• _DATA TO USE_
******
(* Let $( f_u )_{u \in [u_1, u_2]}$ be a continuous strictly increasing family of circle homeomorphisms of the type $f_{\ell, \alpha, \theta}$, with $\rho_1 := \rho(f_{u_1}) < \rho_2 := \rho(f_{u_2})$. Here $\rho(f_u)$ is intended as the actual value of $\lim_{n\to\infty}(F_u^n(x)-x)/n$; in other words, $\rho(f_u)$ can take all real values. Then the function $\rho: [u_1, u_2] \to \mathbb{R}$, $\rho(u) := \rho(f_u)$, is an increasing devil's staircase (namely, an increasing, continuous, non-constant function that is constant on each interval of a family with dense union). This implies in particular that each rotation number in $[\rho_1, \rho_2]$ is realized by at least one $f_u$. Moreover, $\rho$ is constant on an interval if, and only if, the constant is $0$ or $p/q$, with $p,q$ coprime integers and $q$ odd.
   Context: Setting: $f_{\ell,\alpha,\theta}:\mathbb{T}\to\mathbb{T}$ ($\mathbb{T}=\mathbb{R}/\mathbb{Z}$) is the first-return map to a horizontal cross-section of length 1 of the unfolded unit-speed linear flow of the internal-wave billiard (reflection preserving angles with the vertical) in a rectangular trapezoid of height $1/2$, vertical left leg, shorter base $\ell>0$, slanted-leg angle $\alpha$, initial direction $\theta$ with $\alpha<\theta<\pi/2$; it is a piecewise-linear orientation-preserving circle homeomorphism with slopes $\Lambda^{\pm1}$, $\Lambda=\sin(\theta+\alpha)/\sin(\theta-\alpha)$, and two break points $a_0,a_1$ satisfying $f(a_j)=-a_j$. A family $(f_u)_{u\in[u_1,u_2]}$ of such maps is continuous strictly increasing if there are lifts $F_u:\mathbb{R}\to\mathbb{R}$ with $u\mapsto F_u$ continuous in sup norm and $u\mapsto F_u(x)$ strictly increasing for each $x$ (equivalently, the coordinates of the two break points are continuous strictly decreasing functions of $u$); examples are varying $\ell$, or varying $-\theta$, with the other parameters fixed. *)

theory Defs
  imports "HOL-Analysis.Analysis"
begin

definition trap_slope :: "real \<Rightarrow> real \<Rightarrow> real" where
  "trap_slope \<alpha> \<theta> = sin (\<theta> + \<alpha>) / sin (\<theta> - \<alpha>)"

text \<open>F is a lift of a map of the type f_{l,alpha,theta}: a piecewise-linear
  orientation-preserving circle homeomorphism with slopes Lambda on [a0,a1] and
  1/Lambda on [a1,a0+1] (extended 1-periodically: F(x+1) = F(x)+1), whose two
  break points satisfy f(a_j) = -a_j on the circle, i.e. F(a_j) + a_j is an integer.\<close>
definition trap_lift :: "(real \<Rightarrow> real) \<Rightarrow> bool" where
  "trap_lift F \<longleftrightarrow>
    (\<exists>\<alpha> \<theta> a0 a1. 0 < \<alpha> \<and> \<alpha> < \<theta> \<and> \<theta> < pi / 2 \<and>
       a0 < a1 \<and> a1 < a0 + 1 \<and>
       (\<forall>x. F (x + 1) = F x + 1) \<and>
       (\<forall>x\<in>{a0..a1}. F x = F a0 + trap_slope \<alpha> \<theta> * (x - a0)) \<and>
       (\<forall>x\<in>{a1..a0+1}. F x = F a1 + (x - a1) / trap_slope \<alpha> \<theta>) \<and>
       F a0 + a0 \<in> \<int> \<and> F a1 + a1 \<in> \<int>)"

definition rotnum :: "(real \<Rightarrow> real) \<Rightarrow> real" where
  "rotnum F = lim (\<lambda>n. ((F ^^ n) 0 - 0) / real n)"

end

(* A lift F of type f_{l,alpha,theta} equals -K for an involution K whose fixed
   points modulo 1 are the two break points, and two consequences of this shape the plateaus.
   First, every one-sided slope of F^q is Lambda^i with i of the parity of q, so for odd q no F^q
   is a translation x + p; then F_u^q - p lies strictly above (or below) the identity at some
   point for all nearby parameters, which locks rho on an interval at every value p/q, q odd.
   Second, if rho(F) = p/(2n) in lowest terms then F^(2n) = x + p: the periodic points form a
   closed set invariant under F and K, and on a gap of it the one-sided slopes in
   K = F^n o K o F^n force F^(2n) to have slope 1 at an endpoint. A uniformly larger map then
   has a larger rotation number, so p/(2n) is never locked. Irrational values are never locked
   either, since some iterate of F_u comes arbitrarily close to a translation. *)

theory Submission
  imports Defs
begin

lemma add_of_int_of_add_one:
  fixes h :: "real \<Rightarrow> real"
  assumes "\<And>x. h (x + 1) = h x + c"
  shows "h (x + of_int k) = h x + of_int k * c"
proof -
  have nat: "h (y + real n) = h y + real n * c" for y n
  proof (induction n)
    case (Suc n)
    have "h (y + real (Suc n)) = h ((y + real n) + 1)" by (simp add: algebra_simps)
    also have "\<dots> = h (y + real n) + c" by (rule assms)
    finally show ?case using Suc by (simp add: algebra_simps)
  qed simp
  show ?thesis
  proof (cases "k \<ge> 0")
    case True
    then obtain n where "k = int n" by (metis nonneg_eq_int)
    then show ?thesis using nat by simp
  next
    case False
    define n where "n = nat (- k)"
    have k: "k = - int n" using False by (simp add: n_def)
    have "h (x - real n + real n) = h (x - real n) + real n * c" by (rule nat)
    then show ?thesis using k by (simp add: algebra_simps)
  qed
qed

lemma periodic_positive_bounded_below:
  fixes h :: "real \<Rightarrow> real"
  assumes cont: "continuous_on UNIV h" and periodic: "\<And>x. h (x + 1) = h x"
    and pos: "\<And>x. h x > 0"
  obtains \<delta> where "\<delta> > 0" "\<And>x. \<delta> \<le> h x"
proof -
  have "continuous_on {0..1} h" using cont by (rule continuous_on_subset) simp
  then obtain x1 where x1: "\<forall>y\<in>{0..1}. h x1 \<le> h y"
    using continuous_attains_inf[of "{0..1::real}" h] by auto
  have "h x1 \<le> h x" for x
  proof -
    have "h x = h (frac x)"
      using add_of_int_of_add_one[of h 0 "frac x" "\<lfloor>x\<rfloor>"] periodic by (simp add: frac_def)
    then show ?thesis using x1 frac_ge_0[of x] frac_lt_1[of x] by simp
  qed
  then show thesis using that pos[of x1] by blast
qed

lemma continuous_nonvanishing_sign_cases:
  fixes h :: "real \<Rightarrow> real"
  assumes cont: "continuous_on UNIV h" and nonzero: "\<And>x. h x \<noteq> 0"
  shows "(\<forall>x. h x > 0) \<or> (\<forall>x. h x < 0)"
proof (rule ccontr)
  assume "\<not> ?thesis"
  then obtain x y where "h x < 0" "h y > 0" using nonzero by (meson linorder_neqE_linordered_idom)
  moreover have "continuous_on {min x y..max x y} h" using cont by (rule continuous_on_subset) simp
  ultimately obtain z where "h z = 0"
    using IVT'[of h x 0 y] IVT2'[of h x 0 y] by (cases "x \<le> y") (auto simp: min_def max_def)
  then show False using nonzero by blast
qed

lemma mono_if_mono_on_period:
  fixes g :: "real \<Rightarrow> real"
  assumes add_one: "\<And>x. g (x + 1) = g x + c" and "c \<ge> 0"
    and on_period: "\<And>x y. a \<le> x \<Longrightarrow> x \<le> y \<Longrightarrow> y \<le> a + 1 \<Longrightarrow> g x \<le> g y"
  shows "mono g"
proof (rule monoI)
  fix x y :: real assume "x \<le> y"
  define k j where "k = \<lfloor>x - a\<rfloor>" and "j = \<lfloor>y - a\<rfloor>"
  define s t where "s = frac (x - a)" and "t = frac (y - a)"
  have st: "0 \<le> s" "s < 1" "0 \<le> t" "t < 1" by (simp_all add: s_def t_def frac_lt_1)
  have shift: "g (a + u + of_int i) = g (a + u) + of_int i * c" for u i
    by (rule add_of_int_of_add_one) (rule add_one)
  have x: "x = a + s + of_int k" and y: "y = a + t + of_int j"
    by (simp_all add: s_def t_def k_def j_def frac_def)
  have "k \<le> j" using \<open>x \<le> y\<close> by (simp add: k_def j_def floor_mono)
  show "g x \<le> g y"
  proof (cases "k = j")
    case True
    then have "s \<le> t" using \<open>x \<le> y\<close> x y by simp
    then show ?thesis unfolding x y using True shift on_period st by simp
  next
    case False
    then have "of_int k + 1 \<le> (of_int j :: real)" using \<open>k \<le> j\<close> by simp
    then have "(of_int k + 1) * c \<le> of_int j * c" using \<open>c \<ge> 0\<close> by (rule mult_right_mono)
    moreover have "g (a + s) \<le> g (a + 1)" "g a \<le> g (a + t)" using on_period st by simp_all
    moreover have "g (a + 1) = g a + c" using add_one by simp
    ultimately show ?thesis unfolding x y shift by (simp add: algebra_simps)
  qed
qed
******
• _THE PROBLEM_
A verbatim transcription is needed of the lines above, starting at the line with "then show False using nonzero by blast" and ending at the line with "s_def t_def frac_lt_1)", both included, and of nothing else.

• _FINAL ANSWER_
  then show False using nonzero by blast
qed

lemma mono_if_mono_on_period:
  fixes g :: "real \<Rightarrow> real"
  assumes add_one: "\<And>x. g (x + 1) = g x + c" and "c \<ge> 0"
    and on_period: "\<And>x y. a \<le> x \<Longrightarrow> x \<le> y \<Longrightarrow> y \<le> a + 1 \<Longrightarrow> g x \<le> g y"
  shows "mono g"
proof (rule monoI)
  fix x y :: real assume "x \<le> y"
  define k j where "k = \<lfloor>x - a\<rfloor>" and "j = \<lfloor>y - a\<rfloor>"
  define s t where "s = frac (x - a)" and "t = frac (y - a)"
  have st: "0 \<le> s" "s < 1" "0 \<le> t" "t < 1" by (simp_all add: s_def t_def frac_lt_1)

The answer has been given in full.